[HN Gopher] Parsing in JavaScript: all the tools and libraries y...
       ___________________________________________________________________
        
       Parsing in JavaScript: all the tools and libraries you can use
        
       Author : jasim
       Score  : 62 points
       Date   : 2021-05-24 14:32 UTC (8 hours ago)
        
 (HTM) web link (tomassetti.me)
 (TXT) w3m dump (tomassetti.me)
        
       | archibaldJ wrote:
       | hmm this article is a bit outdated; peg.js (mentioned in the
       | article) has been abandoned by the maintainer for a few years now
       | (and it never reached a stable 1.0 ); recently the project was
       | picked up by another team under the name peggy.js
       | https://github.com/peggyjs/peggy
        
       | codeismath wrote:
       | I recently used "Arcsecond" JavaScript Parser Combinator library
       | to output some abstract syntax based on John Reynold's
       | "Definitional interpreters for higher-order programming
       | languages".
       | 
       | It's based on Haskell's Parsec parser combinator library, and is
       | zero-dependency.
       | 
       | I was convinced to give it a try based on watching the author's
       | YouTube videos "Parser Combinators From Scratch" on "Low Level
       | JavaScript". Enjoyable series - recommended.
        
       | [deleted]
        
       | heroku wrote:
       | See my library for parsing text:
       | https://github.com/eguneys/tamcher
        
       | dahart wrote:
       | The link has an anchor "#chevrotain" that goes directly to near
       | the bottom of the article, can it be removed?
        
         | jasim wrote:
         | Sorry, I had tried changing it immediately after posting the
         | link, but HN allows only changing the title.
        
       | sehugg wrote:
       | I'd also suggest using jsfuzz to find sharp corners in your
       | parser. I used it extensively for my recursive-descent BASIC
       | interpreter (along with a test suite) and it found tons of
       | issues.
        
       | jchw wrote:
       | This is pretty cool and useful! I had been doing bootleg parser
       | combinators in JavaScript up until now. This works, although
       | being someone who doesn't write Haskell I assume that the magic
       | that makes parser combinators efficient is not easy to implement
       | in most languages. (I've been using nom with Rust on the side too
       | and it seems to do the same naive stuff that I do.)
       | 
       | If you ever want to parse _binary_ data using JavaScript, I will
       | always recommend the excellent Kaitai Struct project.
       | 
       | https://kaitai.io/
        
       | jevgeni wrote:
       | Although this is an interesting topic to me, I struggle to read
       | the site behind all the cookie warnings and newsletter begging.
        
       | FractalHQ wrote:
       | No Treesitter? I thought it was one of the most performant modern
       | options with an amazing ecosystem around it.
        
         | edko wrote:
         | Treesitter is not JS (although the Wasm version can be used
         | from JS). Lezer (https://github.com/lezer-parser/lezer) is
         | similar (it was inspired by Treesitter) and is written in TS.
        
       | Zababa wrote:
       | Another thing that you can use if you're doing JS: any language
       | that compile to JavaScript. Here are a few options:
       | 
       | - Clojure with ClojureScript
       | 
       | - F# with Fable
       | 
       | - Haskell with ghcjs
       | 
       | - OCaml with js_of_ocaml and ReScript
       | 
       | - Racket with RacketScript
       | 
       | - Scala with Scala.js
        
       | lgessler wrote:
       | It's a Clojure(Script) library, but it's still so good it's worth
       | mentioning: Instaparse[0] generates a parser for you from a BNF-y
       | grammar specification. Sample from the readme:
       | (def as-and-bs           (insta/parser             "S = AB*
       | AB = A B              A = 'a'+              B = 'b'+"))

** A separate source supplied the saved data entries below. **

(* Let $0<q<p\le1$, $n\in\mathbb{N}$, and for $x\in[0,1]$ let $\psi_i(t)=(t-x)^i$, $i=1,2$. Then for all $x\in[0,1]$, $$\widetilde{M}_{n,k}^{(p,q)}(\psi_1;x)\le \frac{p^n-q^nx}{q^2[n]_{p,q}}+\left(\frac1q-1\right)x,$$ $$\widetilde{M}_{n,k}^{(p,q)}(\psi_2;x)\le x^2\left(1-\frac{1}{q^2}+\frac{2(q+1)}{q^2[n]_{p,q}}\right)+\frac{(p+q)^2}{q^5}\frac{(p^n-q^nx)}{[n]_{p,q}}x+\frac{p(p+q)}{q^6}\frac{(p^n-q^nx)(p^{n-1}-q^{n-1}x)}{[n]_{p,q}[n-1]_{p,q}}.$$
   Context: For $0<q<p\le1$: $[n]_{p,q}=\frac{p^n-q^n}{p-q}$; $[n]_{p,q}!=[1]_{p,q}\cdots[n]_{p,q}$, $[0]_{p,q}!=1$; $\begin{bmatrix}n\\k\end{bmatrix}_{p,q}=\frac{[n]_{p,q}!}{[k]_{p,q}![n-k]_{p,q}!}$; $(x+y)_{p,q}^n=\prod_{j=0}^{n-1}(p^jx+q^jy)$. The $(p,q)$-integral is $\int_0^a f(t)\,d_{p,q}t=(p-q)a\sum_{j=0}^\infty \frac{q^j}{p^{j+1}}f\!\left(\frac{q^j}{p^{j+1}}a\right)$. Define $m_{n,k}^{(p,q)}(x)=\frac{1}{p^{kn+n(n+1)/2}}\begin{bmatrix}n+k\\k\end{bmatrix}_{p,q}x^k(1-x)^{n+1}_{p,q}$ and $b_{n,k}^{(p,q)}(qt)=\frac{1}{p^{k(n-1)+n(n-1)/2}}\begin{bmatrix}n+k+1\\k\end{bmatrix}_{p,q}(qt)^k(1-qt)^n_{p,q}$. The operator is $$\widetilde{M}_{n,k}^{(p,q)}(f;x)=\frac{[n+1]_{p,q}}{p^n}\sum_{k=0}^\infty m_{n,k}^{(p,q)}(x)\,(pq)^{-k}\int_0^1 b_{n,k}^{(p,q)}(qt)f(t)\,d_{p,q}t,\quad 0\le x<1,$$ and $\widetilde{M}_{n,k}^{(p,q)}(f;1)=f(1)$; here $\psi_i$ is applied as a function of $t$ with $x$ fixed. *)

theory Defs
  imports Complex_Main
begin

definition pq_int :: "real \<Rightarrow> real \<Rightarrow> nat \<Rightarrow> real" where
  "pq_int p q n = (p ^ n - q ^ n) / (p - q)"

definition pq_fact :: "real \<Rightarrow> real \<Rightarrow> nat \<Rightarrow> real" where
  "pq_fact p q n = (\<Prod>i\<in>{1..n}. pq_int p q i)"

definition pq_binom :: "real \<Rightarrow> real \<Rightarrow> nat \<Rightarrow> nat \<Rightarrow> real" where
  "pq_binom p q n k = pq_fact p q n / (pq_fact p q k * pq_fact p q (n - k))"

definition pq_pow :: "real \<Rightarrow> real \<Rightarrow> real \<Rightarrow> real \<Rightarrow> nat \<Rightarrow> real" where
  "pq_pow p q x y n = (\<Prod>j<n. p ^ j * x + q ^ j * y)"

definition pq_integral :: "real \<Rightarrow> real \<Rightarrow> real \<Rightarrow> (real \<Rightarrow> real) \<Rightarrow> real" where
  "pq_integral p q a f =
     (p - q) * a * (\<Sum>j. q ^ j / p ^ (j + 1) * f (q ^ j / p ^ (j + 1) * a))"

definition m_basis :: "real \<Rightarrow> real \<Rightarrow> nat \<Rightarrow> nat \<Rightarrow> real \<Rightarrow> real" where
  "m_basis p q n k x =
     1 / p ^ (k * n + n * (n + 1) div 2) * pq_binom p q (n + k) k * x ^ k
       * pq_pow p q 1 (- x) (n + 1)"

text \<open>b_{n,k}^{(p,q)}(qt)\<close>
definition b_basis :: "real \<Rightarrow> real \<Rightarrow> nat \<Rightarrow> nat \<Rightarrow> real \<Rightarrow> real" where
  "b_basis p q n k t =
     1 / p ^ (k * (n - 1) + n * (n - 1) div 2) * pq_binom p q (n + k + 1) k * (q * t) ^ k
       * pq_pow p q 1 (- (q * t)) n"

definition M_op :: "real \<Rightarrow> real \<Rightarrow> nat \<Rightarrow> (real \<Rightarrow> real) \<Rightarrow> real \<Rightarrow> real" where
  "M_op p q n f x =
     (if x = 1 then f 1
      else pq_int p q (n + 1) / p ^ n *
        (\<Sum>k. m_basis p q n k x * (1 / (p * q) ^ k)
               * pq_integral p q 1 (\<lambda>t. b_basis p q n k t * f t)))"

end

theory Submission
  imports Defs
begin

text \<open>Put $r = q/p$. Every $(p,q)$-quantity in the operator is a power of $p$ times its ordinary
  $r$-analogue, and on a quadratic $\alpha + \beta t + \gamma t^2$ the operator becomes the series
  $\sum_k w_k(x)\,(\alpha + \beta G(y_k)/p + \gamma H(y_k)/p^2)$ over the negative $r$-binomial
  distribution $w_k(x)$ at the nodes $y_k = r^{k+1}$, where $G(y) = (1-y)/(1-r^{n+1}y)$ and
  $H(y) = G(y)\,G(ry)$ are the first two moments of the $k$-th kernel. Since $G$ and $yG(y)$ are concave
  and $H - G^2$ is at most a multiple of $yG(y)$, each term is dominated by a quadratic polynomial in
  $y_k - m$, where $m$ is the mean node, and the weighted sum of that polynomial only involves the first
  two moments of $w$, which the negative $r$-binomial theorem gives in closed form. The resulting bounds,
  written through $r$-integers, are then compared with the stated ones coefficient by coefficient.\<close>

section \<open>Ordinary $q$-analogues\<close>

definition qint :: "real \<Rightarrow> nat \<Rightarrow> real" where
  "qint r m = (1 - r^m) / (1 - r)"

       | => (as-and-bs "aaaaabbbaaaabb")         [:S          [:AB [:A "a"
       | "a" "a" "a" "a"] [:B "b" "b" "b"]]          [:AB [:A "a" "a" "a"
       | "a"] [:B "b" "b"]]]
       | 
       | [0]: https://github.com/Engelberg/instaparse
        
       | [deleted]
        
       | dahart wrote:
       | Anyone have experience with Nearley? I recently did some reading
       | on JS parsers and ended up feeling like it was easier to use than
       | most of the others where you have to pay attention to and know
       | some tricks for handling recursive grammar rules. What I don't
       | have a sense for yet is what the downsides of Nearley might be
       | down the road once my grammar gets bigger and/or goes into
       | production, if the performance issues might pop up suddenly and
       | be hard to fix.
        
         | inbx0 wrote:
         | I've done a little toy language implementation with Nearley and
         | really enjoyed it. If you have some JS experience under your
         | belt, Nearley should be pretty easy to pick up and I felt it
         | was easy to build on top of the basic building blocks. It's
         | almost too easy to drop into custom JS with Nearley's inline JS
         | syntax, so you can do all sorts of stuff with JS regexes or
         | what not if you can't find a built-in feature that would do
         | what you want.
         | 
         | Unfortunately my project was not big enough that I'd be able to
         | say anything about performace in scale, though. Being JS based
         | has the advantage that you can (depending on your application
         | needs) sometimes move some of that workload to the client :)
        
         | matheusmoreira wrote:
         | Nearley is amazing. The best implementation of the Earley
         | algorithm I know. It's a great algorithm because you can use
         | any context-free grammar as input and it doesn't require code
         | generation. It's the perfect algorithm for a parse(grammar,
         | input) standard library function.
         | 
         | As far as I know, Nearley implements all optimizations
         | published in the literature. Worst case time complexity is
         | cubic for ambiguous grammars, quadratic for unambiguous
         | grammars and linear for grammars suitable for deterministic
         | algorithms. Performance is still going to be worse than
         | constrained parsers that can handle only a subset of context-
         | free grammars such as deterministic LL(1) parsers. Here's what
         | the Parsing Techniques book says:
         | 
         | > If one has the luxury of being in a position to design the
         | grammar oneself, the choice is simple:
         | 
         | > design the grammar to be LL(1) and use a predictive recursive
         | descent parser.
         | 
         | > This can be summarized as: parsing is a problem only if
         | someone else is in charge of the grammar.
        
       | fjfaase wrote:
       | Earlier this year, I wrote a small interpreting parser in
       | JavaScript, which takes a grammar from a string and parses some
       | input from a string according to the grammar into an AST. It is
       | embedded in the page
       | https://fransfaase.github.io/ParserWorkshop/Online_inter_par...
        
       ___________________________________________________________________
       (page generated 2021-05-24 23:01 UTC)